(SOURCE MATERIAL begins)

lemma dominating_fmod_diff_tendsto_zero:
  fixes f :: "'a \<Rightarrow> 'b::{real_normed_field, second_countable_topology}"
  assumes \<rho>: "function_quasi_norm M \<rho>" and dom: "dominating M \<rho> (fmod f)"
    and f[measurable]: "f \<in> borel_measurable M" and s[measurable]: "\<And>k. s k \<in> borel_measurable M"
    and lim: "\<And>x. x \<in> space M \<Longrightarrow> (\<lambda>k. s k x) \<longlonglongrightarrow> f x"
    and C: "C > 0" and bound: "\<And>k x. x \<in> space M \<Longrightarrow> norm (f x - s k x) \<le> C * norm (f x)"
  shows "(\<lambda>k. \<rho> (fmod (\<lambda>x. f x - s k x))) \<longlonglongrightarrow> 0"
proof -
  \<comment> \<open>Scaling by 1/C puts the errors below |f|; (F1) recovers the factor C.\<close>
  define a where "a k x = ennreal (norm (f x - s k x) / C)" for k x
  have a[measurable]: "a k \<in> borel_measurable M" for k
    unfolding a_def[abs_def] by measurable
  have "AE x in M. \<forall>k. a k x \<le> fmod f x"
    using bound C by (auto simp: a_def fmod_def divide_le_eq mult.commute intro!: AE_I2 ennreal_leI)
  moreover have "AE x in M. (\<lambda>k. a k x) \<longlonglongrightarrow> 0"
  proof (rule AE_I2)
    fix x assume "x \<in> space M"
    then have "(\<lambda>k. f x - s k x) \<longlonglongrightarrow> 0"
      using tendsto_diff[OF tendsto_const[of "f x"] lim[of x]] by simp
    then have "(\<lambda>k. norm (f x - s k x) / C) \<longlonglongrightarrow> 0"
      by (intro tendsto_divide_zero tendsto_norm_zero)
    then show "(\<lambda>k. a k x) \<longlonglongrightarrow> 0"
      unfolding a_def using tendsto_ennrealI by fastforce
  qed
  ultimately have "(\<lambda>k. \<rho> (a k)) \<longlonglongrightarrow> 0"
    by (rule dominating_tendsto_zero[OF \<rho> dom a])
  then have "(\<lambda>k. ennreal C * \<rho> (a k)) \<longlonglongrightarrow> 0"
    using ennreal_tendsto_cmult[of "ennreal C" "\<lambda>k. \<rho> (a k)" 0 sequentially] by simp
  moreover have "\<rho> (fmod (\<lambda>x. f x - s k x)) = ennreal C * \<rho> (a k)" for k
  proof -
    have "fmod (\<lambda>x. f x - s k x) = (\<lambda>x. ennreal C * a k x)"
    proof
      fix x
      have "fmod (\<lambda>x. f x - s k x) x = ennreal (C * (norm (f x - s k x) / C))"
        using C by (simp add: fmod_def)
      also have "\<dots> = ennreal C * a k x"
        unfolding a_def using C by (intro ennreal_mult) auto
      finally show "fmod (\<lambda>x. f x - s k x) x = ennreal C * a k x" .
    qed
    then show ?thesis
      using function_quasi_norm_scale[OF \<rho> a, of C k] C by simp
  qed
  ultimately show ?thesis
    by simp
qed

lemma L_rho_bI:
  assumes "f \<in> L_rho M \<rho>" and "\<And>k. s k \<in> simple_span M"
    and "(\<lambda>k. \<rho> (fmod (\<lambda>x. f x - s k x))) \<longlonglongrightarrow> 0"
  shows "f \<in> L_rho_b M \<rho>"
  unfolding L_rho_b_def
proof (intro CollectI conjI allI impI assms(1))
  fix \<epsilon> :: real assume "\<epsilon> > 0"
  then obtain k where "\<rho> (fmod (\<lambda>x. f x - s k x)) < ennreal \<epsilon>"
    using order_tendstoD(2)[OF assms(3), of "ennreal \<epsilon>"] by (auto simp: eventually_sequentially)
  then show "\<exists>s\<in>simple_span M. \<rho> (fmod (\<lambda>x. f x - s x)) < ennreal \<epsilon>"
    using assms(2) by blast
qed
(* Under the standing assumptions below (in particular Assumption A and $|\boldsymbol\beta(x)|>0$ for all $x\in\overline\Omega$), the functional $$|\!|\!|\boldsymbol\tau|\!|\!|_1:=\Big(\big\|\nabla\cdot\boldsymbol\tau+\tilde\gamma\,(\boldsymbol\beta\cdot\boldsymbol\tau)\big\|_{0}^2+\sum_{i=1}^{d-1}\big\|\boldsymbol\tau\cdot\boldsymbol\beta_\perp^{(i)}\big\|_{0}^2\Big)^{1/2}$$ is a norm on $H_{0,-}(\mathrm{div};\Omega)$. Here $\|\cdot\|_0$ is the $L^2(\Omega)$ norm.
   Context: Let $\Omega\subset\mathbb R^d$ ($d=2,3$) be a bounded polyhedral domain with Lipschitz boundary, with unit outward normal $\mathbf n$. Let $\gamma\in L^\infty(\Omega)$ and $\boldsymbol\beta\in[C^1(\overline\Omega)]^d$. The inflow boundary is $\Gamma_-=\{x\in\partial\Omega:\boldsymbol\beta(x)\cdot\mathbf n(x)<0\}$. Let $L^2(|\boldsymbol\beta\cdot\mathbf n|;\Gamma_-)$ be the set of measurable $v$ on $\partial\Omega$ with $\int_{\Gamma_-}|\boldsymbol\beta\cdot\mathbf n|v^2<\infty$, and $W=\{v\in L^2(\Omega):\nabla\cdot(\boldsymbol\beta v)\in L^2(\Omega)\}$. Assumption A: for every $f\in L^2(\Omega)$ and $g\in L^2(|\boldsymbol\beta\cdot\mathbf n|;\Gamma_-)$ the problem $\nabla\cdot(\boldsymbol\beta u)+\gamma u=f$ in $\Omega$, $u=g$ on $\Gamma_-$ has a unique solution $u\in W$. Define $H_{g,-}(\mathrm{div};\Omega)=\{\boldsymbol\tau\in H(\mathrm{div};\Omega):\boldsymbol\tau\cdot\mathbf n=(\boldsymbol\beta\cdot\mathbf n)g\text{ on }\Gamma_-\}$ and $H_{0,-}(\mathrm{div};\Omega)$ the case $g=0$ (normal traces understood in the usual $H(\mathrm{div})$ sense). Assume $|\boldsymbol\beta(x)|>0$ for all $x\in\overline\Omega$, put $\tilde\gamma=\gamma/|\boldsymbol\beta|^2$, and let $\boldsymbol\beta_\perp^{(1)},\dots,\boldsymbol\beta_\perp^{(d-1)}$ be measurable vector fields on $\Omega$ with $\boldsymbol\beta\cdot\boldsymbol\beta_\perp^{(i)}=0$ and $\boldsymbol\beta_\perp^{(i)}\cdot\boldsymbol\beta_\perp^{(j)}=\delta_{ij}$ pointwise (for $d=2$, e.g. $\boldsymbol\beta_\perp=(-\beta_2,\beta_1)/|\boldsymbol\beta|$). *)

theory Defs
  imports "HOL-Analysis.Analysis"
begin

(SOURCE MATERIAL ends)

_DESCRIPTION OF THE TASK_:
Write out the whole listing again, keeping every character as it is.

_RESPONSE_:
lemma dominating_fmod_diff_tendsto_zero:
  fixes f :: "'a \<Rightarrow> 'b::{real_normed_field, second_countable_topology}"
  assumes \<rho>: "function_quasi_norm M \<rho>" and dom: "dominating M \<rho> (fmod f)"
    and f[measurable]: "f \<in> borel_measurable M" and s[measurable]: "\<And>k. s k \<in> borel_measurable M"
    and lim: "\<And>x. x \<in> space M \<Longrightarrow> (\<lambda>k. s k x) \<longlonglongrightarrow> f x"
    and C: "C > 0" and bound: "\<And>k x. x \<in> space M \<Longrightarrow> norm (f x - s k x) \<le> C * norm (f x)"
  shows "(\<lambda>k. \<rho> (fmod (\<lambda>x. f x - s k x))) \<longlonglongrightarrow> 0"
proof -
  \<comment> \<open>Scaling by 1/C puts the errors below |f|; (F1) recovers the factor C.\<close>
  define a where "a k x = ennreal (norm (f x - s k x) / C)" for k x
  have a[measurable]: "a k \<in> borel_measurable M" for k
    unfolding a_def[abs_def] by measurable
  have "AE x in M. \<forall>k. a k x \<le> fmod f x"
    using bound C by (auto simp: a_def fmod_def divide_le_eq mult.commute intro!: AE_I2 ennreal_leI)
  moreover have "AE x in M. (\<lambda>k. a k x) \<longlonglongrightarrow> 0"
  proof (rule AE_I2)
    fix x assume "x \<in> space M"
    then have "(\<lambda>k. f x - s k x) \<longlonglongrightarrow> 0"
      using tendsto_diff[OF tendsto_const[of "f x"] lim[of x]] by simp
    then have "(\<lambda>k. norm (f x - s k x) / C) \<longlonglongrightarrow> 0"
      by (intro tendsto_divide_zero tendsto_norm_zero)
    then show "(\<lambda>k. a k x) \<longlonglongrightarrow> 0"
      unfolding a_def using tendsto_ennrealI by fastforce
  qed
  ultimately have "(\<lambda>k. \<rho> (a k)) \<longlonglongrightarrow> 0"
    by (rule dominating_tendsto_zero[OF \<rho> dom a])
  then have "(\<lambda>k. ennreal C * \<rho> (a k)) \<longlonglongrightarrow> 0"
    using ennreal_tendsto_cmult[of "ennreal C" "\<lambda>k. \<rho> (a k)" 0 sequentially] by simp
  moreover have "\<rho> (fmod (\<lambda>x. f x - s k x)) = ennreal C * \<rho> (a k)" for k
  proof -
    have "fmod (\<lambda>x. f x - s k x) = (\<lambda>x. ennreal C * a k x)"
    proof
      fix x
      have "fmod (\<lambda>x. f x - s k x) x = ennreal (C * (norm (f x - s k x) / C))"
        using C by (simp add: fmod_def)
      also have "\<dots> = ennreal C * a k x"
        unfolding a_def using C by (intro ennreal_mult) auto
      finally show "fmod (\<lambda>x. f x - s k x) x = ennreal C * a k x" .
    qed
    then show ?thesis
      using function_quasi_norm_scale[OF \<rho> a, of C k] C by simp
  qed
  ultimately show ?thesis
    by simp
qed

lemma L_rho_bI:
  assumes "f \<in> L_rho M \<rho>" and "\<And>k. s k \<in> simple_span M"
    and "(\<lambda>k. \<rho> (fmod (\<lambda>x. f x - s k x))) \<longlonglongrightarrow> 0"
  shows "f \<in> L_rho_b M \<rho>"
  unfolding L_rho_b_def
proof (intro CollectI conjI allI impI assms(1))
  fix \<epsilon> :: real assume "\<epsilon> > 0"
  then obtain k where "\<rho> (fmod (\<lambda>x. f x - s k x)) < ennreal \<epsilon>"
    using order_tendstoD(2)[OF assms(3), of "ennreal \<epsilon>"] by (auto simp: eventually_sequentially)
  then show "\<exists>s\<in>simple_span M. \<rho> (fmod (\<lambda>x. f x - s x)) < ennreal \<epsilon>"
    using assms(2) by blast
qed
(* Under the standing assumptions below (in particular Assumption A and $|\boldsymbol\beta(x)|>0$ for all $x\in\overline\Omega$), the functional $$|\!|\!|\boldsymbol\tau|\!|\!|_1:=\Big(\big\|\nabla\cdot\boldsymbol\tau+\tilde\gamma\,(\boldsymbol\beta\cdot\boldsymbol\tau)\big\|_{0}^2+\sum_{i=1}^{d-1}\big\|\boldsymbol\tau\cdot\boldsymbol\beta_\perp^{(i)}\big\|_{0}^2\Big)^{1/2}$$ is a norm on $H_{0,-}(\mathrm{div};\Omega)$. Here $\|\cdot\|_0$ is the $L^2(\Omega)$ norm.
   Context: Let $\Omega\subset\mathbb R^d$ ($d=2,3$) be a bounded polyhedral domain with Lipschitz boundary, with unit outward normal $\mathbf n$. Let $\gamma\in L^\infty(\Omega)$ and $\boldsymbol\beta\in[C^1(\overline\Omega)]^d$. The inflow boundary is $\Gamma_-=\{x\in\partial\Omega:\boldsymbol\beta(x)\cdot\mathbf n(x)<0\}$. Let $L^2(|\boldsymbol\beta\cdot\mathbf n|;\Gamma_-)$ be the set of measurable $v$ on $\partial\Omega$ with $\int_{\Gamma_-}|\boldsymbol\beta\cdot\mathbf n|v^2<\infty$, and $W=\{v\in L^2(\Omega):\nabla\cdot(\boldsymbol\beta v)\in L^2(\Omega)\}$. Assumption A: for every $f\in L^2(\Omega)$ and $g\in L^2(|\boldsymbol\beta\cdot\mathbf n|;\Gamma_-)$ the problem $\nabla\cdot(\boldsymbol\beta u)+\gamma u=f$ in $\Omega$, $u=g$ on $\Gamma_-$ has a unique solution $u\in W$. Define $H_{g,-}(\mathrm{div};\Omega)=\{\boldsymbol\tau\in H(\mathrm{div};\Omega):\boldsymbol\tau\cdot\mathbf n=(\boldsymbol\beta\cdot\mathbf n)g\text{ on }\Gamma_-\}$ and $H_{0,-}(\mathrm{div};\Omega)$ the case $g=0$ (normal traces understood in the usual $H(\mathrm{div})$ sense). Assume $|\boldsymbol\beta(x)|>0$ for all $x\in\overline\Omega$, put $\tilde\gamma=\gamma/|\boldsymbol\beta|^2$, and let $\boldsymbol\beta_\perp^{(1)},\dots,\boldsymbol\beta_\perp^{(d-1)}$ be measurable vector fields on $\Omega$ with $\boldsymbol\beta\cdot\boldsymbol\beta_\perp^{(i)}=0$ and $\boldsymbol\beta_\perp^{(i)}\cdot\boldsymbol\beta_\perp^{(j)}=\delta_{ij}$ pointwise (for $d=2$, e.g. $\boldsymbol\beta_\perp=(-\beta_2,\beta_1)/|\boldsymbol\beta|$). *)

theory Defs
  imports "HOL-Analysis.Analysis"
begin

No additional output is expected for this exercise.